Some unions yesterday declared their readiness to enter a "beauty contest" arranged by the company to see who should represent employees, while others have refused to have anything to do with it on principle.

The deep difference of opinion means that while one union may be selected by management to represent staff, others will be actively recruiting employees in order to undermine the whole industrial relations system.

The Amalgamated Engineering and Electrical Union and the MSF white collar union have decided to make presentations to management in an attempt to be chosen as the single union to represent staff, but the Transport & General and the GMB general union are bitterly opposed to the arrangement. The latter argue that employees should choose which organisations they want to represent them, not employers. An MSF source said that his organisation would rather participate in a beauty contest than allow Go to become a non-union company.

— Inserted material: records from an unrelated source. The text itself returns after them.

lemma a_eq_0_from_right:
  assumes "1 \<le> k" "\<forall>j\<in>{k..N}. z \<noteq> \<gamma> j" "a N = 0"
  shows "\<forall>i\<in>{k - 1..N + 1}. a i = 0"
proof -
  interpret reflected: block_eigen_recurrence "\<lambda>j. a (N + 1 - j)" "\<lambda>j. b (N + 1 - j)"
    "\<lambda>j. \<alpha> (N + 1 - j)" "\<lambda>j. \<beta> (N + 1 - j)" "\<lambda>j. \<delta> (N + 1 - j)" "\<lambda>j. \<gamma> (N + 1 - j)" N z
    by (rule reflection)
  have "z \<noteq> \<gamma> (N + 1 - j)" if "j \<in> {1..N + 1 - k}" for j
  proof -
    have "N + 1 - j \<in> {k..N}" using that assms(1) by auto
    then show ?thesis using assms(2) by blast
  qed
  then have reflected_zeros: "\<forall>i\<le>N + 1 - k + 1. a (N + 1 - i) = 0"
    using assms(1,3) by (intro reflected.a_eq_0_from_left) simp_all
  show ?thesis
  proof
    fix i assume "i \<in> {k - 1..N + 1}"
    then have "N + 1 - i \<le> N + 1 - k + 1" "N + 1 - (N + 1 - i) = i" using assms(1) by auto
    then show "a i = 0" using reflected_zeros by metis
  qed
qed

lemma b_eq_0_if_a_eq_0:
  assumes "\<forall>i\<in>{1..N}. a i = 0"
  shows "\<forall>j\<in>{1..N}. b j = 0"
proof
  fix j assume j: "j \<in> {1..N}"
  have "a (j - 1) = 0" using assms j a_0 by (cases "j = 1") (auto intro!: assms[rule_format])
  moreover have "a (j + 1) = 0" using assms j a_Suc_N by (cases "j = N") auto
  ultimately have "\<beta> j * b j = 0" using eq_a[OF j] assms j by simp
  then show "b j = 0" using \<beta>_nonzero[OF j] by simp
qed
lemma cycle_of_diff_alternating_odd:
  assumes "odd (card (cycle_of g x))"
  shows "cycle_of g x - (alternating g x \<union> g ` alternating g x) = {x}"
proof -
  have "card (cycle_of g x - (alternating g x \<union> g ` alternating g x)) = 1"
    using card_diff_separated_half_cycle_of[OF alternating_in_separated_halves] assms
    by (simp add: odd_iff_mod_2_eq_one)
  then obtain z where "cycle_of g x - (alternating g x \<union> g ` alternating g x) = {z}"
    by (rule card_1_singletonE)
  with cycle_of_diff_alternating[of x] show ?thesis by blast
qed

lemma separated_half_cycle_of_odd_cases:
  assumes "odd (card (cycle_of g x))" "B \<in> separated_halves g (cycle_of g x)"
  obtains y where "y \<in> cycle_of g x" "B = alternating g y"
proof -
  let ?C = "cycle_of g x"
  have "card (?C - (B \<union> g ` B)) = 1"
    using card_diff_separated_half_cycle_of[OF assms(2)] assms(1) by (simp add: odd_iff_mod_2_eq_one)
  then obtain y where y: "?C - (B \<union> g ` B) = {y}" by (rule card_1_singletonE)
  then have "y \<in> ?C" by blast
  then have "cycle_of g y = ?C" by (rule cycle_of_eqI[OF perm])
  with assms(2) y have "B = alternating g y"
    unfolding separated_halves_def by (intro separated_half_eq_alternating) auto
  with \<open>y \<in> ?C\<close> show ?thesis by (rule that)
qed
(* Let $\alpha,\beta\in\mathbb{R}$ with $\beta-\alpha-2\neq 0$, and set $\mathbf C_{\alpha,\beta}=\frac{(\beta-3)(2\alpha-\beta+1)}{4}$. For every $f\in C_0^\infty((0,\infty))$ (complex-valued), with $f^\#(r)=f''(r)+\frac{\beta-2}{r}f'(r)+\frac{(\beta-3)^2}{4r^2}f(r)$, there holds \[ \mathbf C_{\alpha,\beta}^2\left\|\frac{f}{r^2}\right\|_{L^2_\beta}^2=\left\|\mathfrak L_\alpha f\right\|_{L^2_\beta}^2-\left(1+\frac{2\mathbf C_{\alpha,\beta}}{(\beta-\alpha-2)^2}\right)\left\|\mathfrak L_\alpha f+\mathbf C_{\alpha,\beta}\frac{f}{r^2}\right\|_{L^2_\beta}^2+\frac{2\mathbf C_{\alpha,\beta}}{(\beta-\alpha-2)^2}\left\|f^\#\right\|_{L^2_\beta}^2 . \]
   Context: For $\beta\in\mathbb{R}$, $L^2_\beta$ denotes the weighted space on $(0,\infty)$ with norm $\|g\|_{L^2_\beta}^2=\int_0^\infty |g(r)|^2 r^\beta\,dr$. For $\alpha\in\mathbb{R}$, $\mathfrak L_\alpha$ is the operator $\mathfrak L_\alpha f(r)=f''(r)+\frac{\alpha}{r}f'(r)$. Expressions such as $f/r^2$ denote the function $r\mapsto f(r)/r^2$. *)

theory Defs
  imports "HOL-Analysis.Analysis"
begin

definition vd :: "(real \<Rightarrow> complex) \<Rightarrow> real \<Rightarrow> complex" where
  "vd g x = vector_derivative g (at x)"

definition smooth_compact_pos :: "(real \<Rightarrow> complex) \<Rightarrow> bool" where
  "smooth_compact_pos f \<longleftrightarrow>
     (\<forall>n. \<forall>r::real. r > 0 \<longrightarrow> ((vd ^^ n) f) differentiable (at r)) \<and>
     (\<exists>a b. 0 < a \<and> a \<le> b \<and> (\<forall>r. r \<notin> {a..b} \<longrightarrow> f r = 0))"

definition wnorm2 :: "real \<Rightarrow> (real \<Rightarrow> complex) \<Rightarrow> real" where
  "wnorm2 \<beta> g = integral {0<..} (\<lambda>r. (cmod (g r))\<^sup>2 * r powr \<beta>)"

definition Lop :: "real \<Rightarrow> (real \<Rightarrow> complex) \<Rightarrow> real \<Rightarrow> complex" where
  "Lop \<alpha> f r = vd (vd f) r + complex_of_real (\<alpha> / r) * vd f r"

definition Cab :: "real \<Rightarrow> real \<Rightarrow> real" where
  "Cab \<alpha> \<beta> = (\<beta> - 3) * (2 * \<alpha> - \<beta> + 1) / 4"

definition fsharp :: "real \<Rightarrow> (real \<Rightarrow> complex) \<Rightarrow> real \<Rightarrow> complex" where
  "fsharp \<beta> f r = vd (vd f) r + complex_of_real ((\<beta> - 2) / r) * vd f r
                   + complex_of_real ((\<beta> - 3)\<^sup>2 / (4 * r\<^sup>2)) * f r"

end

(* Each norm in the identity has the form ||a f'' + (b/r) f' + (e/r^2) f||^2 in L^2_beta, a quadratic
   form in (f, f', f'') whose cross terms are the weighted integrals of Re (f' conj f), Re (f'' conj f')
   and Re (f'' conj f). Integration by parts, without boundary terms since f has compact support in
   (0, infinity), expresses these through ||f||^2 in L^2_(beta-4) and ||f'||^2 in L^2_(beta-2). Hence every
   such norm is a diagonal form in ||f''||^2, ||f'||^2, ||f||^2 with the appropriate weights, and the
   theorem reduces to a polynomial identity in alpha and beta. *)

theory Submission
  imports Defs
begin

(* For complex numbers, g r \<bullet> h r = Re (g r * cnj (h r)): wprod is the real inner product of L^2_gamma. *)
definition wprod :: "real \<Rightarrow> (real \<Rightarrow> complex) \<Rightarrow> (real \<Rightarrow> complex) \<Rightarrow> real" where
  "wprod \<gamma> g h = integral {0<..} (\<lambda>r. (g r \<bullet> h r) * r powr \<gamma>)"

lemma wnorm2_eq_wprod: "wnorm2 \<beta> g = wprod \<beta> g g"
  by (simp add: wnorm2_def wprod_def power2_norm_eq_inner)

lemma wprod_commute: "wprod \<gamma> g h = wprod \<gamma> h g"
  by (simp add: wprod_def inner_commute)

lemma has_integral_pos_reals_if_vanishing_outside:
  fixes h :: "real \<Rightarrow> real"
  assumes "0 < c" "continuous_on {c..d} h" "\<And>r. r > 0 \<Longrightarrow> r \<notin> {c..d} \<Longrightarrow> h r = 0"
  shows "(h has_integral integral {c..d} h) {0<..}"
proof -
  have "(h has_integral integral {c..d} h) {c..d}"
    by (rule integrable_integral[OF integrable_continuous_interval[OF assms(2)]])
  then have "((\<lambda>x. if x \<in> {c..d} then h x else 0) has_integral integral {c..d} h) UNIV"
    by (subst has_integral_restrict_UNIV)
  moreover have "(\<lambda>x. if x \<in> {c..d} then h x else 0) = (\<lambda>x. if x \<in> {0<..} then h x else 0)"
    using assms(1,3) by (auto simp: fun_eq_iff)
  ultimately show ?thesis by (metis has_integral_restrict_UNIV)
qed

lemma wprod_interval:
  assumes "0 < c" "continuous_on {c..d} g" "continuous_on {c..d} h"
    and "\<And>r. r > 0 \<Longrightarrow> r \<notin> {c..d} \<Longrightarrow> g r \<bullet> h r = 0"
  shows wprod_has_integral: "((\<lambda>r. (g r \<bullet> h r) * r powr \<gamma>) has_integral wprod \<gamma> g h) {0<..}"
    and wprod_eq_integral_interval: "wprod \<gamma> g h = integral {c..d} (\<lambda>r. (g r \<bullet> h r) * r powr \<gamma>)"
proof -
  have "continuous_on {c..d} (\<lambda>r. (g r \<bullet> h r) * r powr \<gamma>)"
    using assms(1) by (intro continuous_intros assms(2,3)) auto
  then have "((\<lambda>r. (g r \<bullet> h r) * r powr \<gamma>) has_integral integral {c..d} (\<lambda>r. (g r \<bullet> h r) * r powr \<gamma>)) {0<..}"
    using assms(1,4) by (intro has_integral_pos_reals_if_vanishing_outside) auto
  then show "wprod \<gamma> g h = integral {c..d} (\<lambda>r. (g r \<bullet> h r) * r powr \<gamma>)"
    unfolding wprod_def by (rule integral_unique)
  with \<open>(_ has_integral _) _\<close> show "((\<lambda>r. (g r \<bullet> h r) * r powr \<gamma>) has_integral wprod \<gamma> g h) {0<..}"
    by simp
qed

lemma integral_deriv_mult_powr:
  fixes p p' :: "real \<Rightarrow> real"
  assumes "0 < c" "c \<le> d" "\<And>x. x \<in> {c..d} \<Longrightarrow> (p has_real_derivative p' x) (at x)"
    and "continuous_on {c..d} p'" "p c = 0" "p d = 0"
  shows "integral {c..d} (\<lambda>x. p' x * x powr \<gamma>) = - \<gamma> * integral {c..d} (\<lambda>x. p x * x powr (\<gamma> - 1))"
proof -
  have pos: "\<And>x. x \<in> {c..d} \<Longrightarrow> 0 < x" using assms(1) by auto
  have "continuous_on {c..d} p"
    using assms(3) by (meson DERIV_continuous continuous_at_imp_continuous_on)
  then have int: "(\<lambda>x. p x * x powr (\<gamma> - 1)) integrable_on {c..d}"
    "(\<lambda>x. p' x * x powr \<gamma>) integrable_on {c..d}"
    using pos assms(1) by (auto intro!: integrable_continuous_interval continuous_intros assms(4))
  have "((\<lambda>x. p' x * x powr \<gamma> + \<gamma> * (p x * x powr (\<gamma> - 1))) has_integral
        p d * d powr \<gamma> - p c * c powr \<gamma>) {c..d}"
  proof (rule fundamental_theorem_of_calculus[OF assms(2)])
    fix x assume x: "x \<in> {c..d}"
    have "((\<lambda>x. p x * x powr \<gamma>) has_real_derivative p' x * x powr \<gamma> + \<gamma> * (p x * x powr (\<gamma> - 1))) (at x)"
      using assms(3)[OF x] pos[OF x] by (auto intro!: derivative_eq_intros)
    then show "((\<lambda>x. p x * x powr \<gamma>) has_vector_derivative p' x * x powr \<gamma> + \<gamma> * (p x * x powr (\<gamma> - 1)))
        (at x within {c..d})"
      by (simp add: has_real_derivative_iff_has_vector_derivative has_vector_derivative_at_within)
  qed
  then have "integral {c..d} (\<lambda>x. p' x * x powr \<gamma> + \<gamma> * (p x * x powr (\<gamma> - 1))) = 0"
    using assms(5,6) by (simp add: integral_unique)
  then have "integral {c..d} (\<lambda>x. p' x * x powr \<gamma>) + \<gamma> * integral {c..d} (\<lambda>x. p x * x powr (\<gamma> - 1)) = 0"
    by (simp add: integral_add[OF int(2) integrable_on_mult_right[OF int(1)]])
  then show ?thesis by linarith
qed

lemma has_real_derivative_inner:
  fixes g h :: "real \<Rightarrow> complex"
  assumes "(g has_vector_derivative g') (at x)" "(h has_vector_derivative h') (at x)"
  shows "((\<lambda>t. g t \<bullet> h t) has_real_derivative g' \<bullet> h x + g x \<bullet> h') (at x)"
  using has_derivative_inner[OF assms[unfolded has_vector_derivative_def]]
  unfolding has_field_derivative_def
  by (rule has_derivative_eq_rhs) (auto simp: fun_eq_iff inner_scaleR_left inner_scaleR_right algebra_simps)

lemma wprod_by_parts:
  fixes g g' h h' :: "real \<Rightarrow> complex"
  assumes "0 < c" "c \<le> d"
    and g': "\<And>r. r > 0 \<Longrightarrow> (g has_vector_derivative g' r) (at r)"
    and h': "\<And>r. r > 0 \<Longrightarrow> (h has_vector_derivative h' r) (at r)"
    and "continuous_on {c..d} g'" "continuous_on {c..d} h'"
    and vanish: "\<And>r. r > 0 \<Longrightarrow> r \<notin> {c<..<d} \<Longrightarrow> g r = 0 \<and> h r = 0"
  shows "wprod \<gamma> g' h + wprod \<gamma> g h' = - \<gamma> * wprod (\<gamma> - 1) g h"
proof -
  have pos: "\<And>x. x \<in> {c..d} \<Longrightarrow> 0 < x" using assms(1) by auto
  have "continuous_on {c..d} g" "continuous_on {c..d} h"
    using pos g' h' by (meson continuous_at_imp_continuous_on has_vector_derivative_continuous)+
  note cont = this assms(5,6)
  have "integral {c..d} (\<lambda>r. (g' r \<bullet> h r + g r \<bullet> h' r) * r powr \<gamma>)
      = - \<gamma> * integral {c..d} (\<lambda>r. (g r \<bullet> h r) * r powr (\<gamma> - 1))"
    using pos vanish[of c] vanish[of d] assms(1,2)
    by (intro integral_deriv_mult_powr has_real_derivative_inner g' h')
       (auto intro!: continuous_intros cont)
  moreover have "wprod \<gamma> g' h = integral {c..d} (\<lambda>r. (g' r \<bullet> h r) * r powr \<gamma>)"
    and "wprod \<gamma> g h' = integral {c..d} (\<lambda>r. (g r \<bullet> h' r) * r powr \<gamma>)"
    using vanish by (intro wprod_eq_integral_interval assms(1) cont; force)+
  moreover have "integral {c..d} (\<lambda>r. (g' r \<bullet> h r + g r \<bullet> h' r) * r powr \<gamma>)
      = integral {c..d} (\<lambda>r. (g' r \<bullet> h r) * r powr \<gamma>) + integral {c..d} (\<lambda>r. (g r \<bullet> h' r) * r powr \<gamma>)"
    using pos assms(1) unfolding distrib_right
    by (intro integral_add integrable_continuous_interval continuous_intros cont) auto
  moreover have "wprod (\<gamma> - 1) g h = integral {c..d} (\<lambda>r. (g r \<bullet> h r) * r powr (\<gamma> - 1))"
    using vanish by (intro wprod_eq_integral_interval assms(1) cont) auto
  ultimately show ?thesis by simp
qed

lemma wprod_deriv_self:
  fixes g g' :: "real \<Rightarrow> complex"
  assumes "0 < c" "c \<le> d"
    and "\<And>r. r > 0 \<Longrightarrow> (g has_vector_derivative g' r) (at r)"
    and "continuous_on {c..d} g'"
    and "\<And>r. r > 0 \<Longrightarrow> r \<notin> {c<..<d} \<Longrightarrow> g r = 0"
  shows "wprod \<gamma> g' g = - \<gamma> / 2 * wprod (\<gamma> - 1) g g"
proof -
  have "wprod \<gamma> g' g + wprod \<gamma> g g' = - \<gamma> * wprod (\<gamma> - 1) g g"
    using assms(5) by (intro wprod_by_parts[OF assms(1-3,3,4,4)]) auto
  then show ?thesis by (simp add: wprod_commute[of \<gamma> g g'])
qed

lemma norm_lincomb3_power2:
  fixes u v w :: complex
  shows "(cmod (of_real a * w + of_real b * v + of_real e * u))\<^sup>2
    = a\<^sup>2 * (w \<bullet> w) + b\<^sup>2 * (v \<bullet> v) + e\<^sup>2 * (u \<bullet> u)
      + 2 * a * b * (w \<bullet> v) + 2 * a * e * (w \<bullet> u) + 2 * b * e * (v \<bullet> u)"
  by (simp only: cmod_power2) (simp add: inner_complex_def power2_eq_square algebra_simps)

Management wants the successful union to acquiesce over a three-year pay freeze and to agree to a system in which up to one-third of employees' remuneration is made up of performance-related pay. Union officials also point out that rates of pay at Go will be 20-30 per cent below those at the parent company BA.

Sean Keating, a national official at the GMB, has already launched a campaign to recruit Go staff together with non union members at competing cut-price airlines Debonair, Ryanair and easyJet. He said he was "disappointed" that sister unions had decided to participate in the process. "When we recruit members at Go, it will be irrespective of any agreement reached by management with another union," he said.

George Ryde, national officer at the T&G, pointed out that his union were the largest in the industry and would be seeking members at the new airline.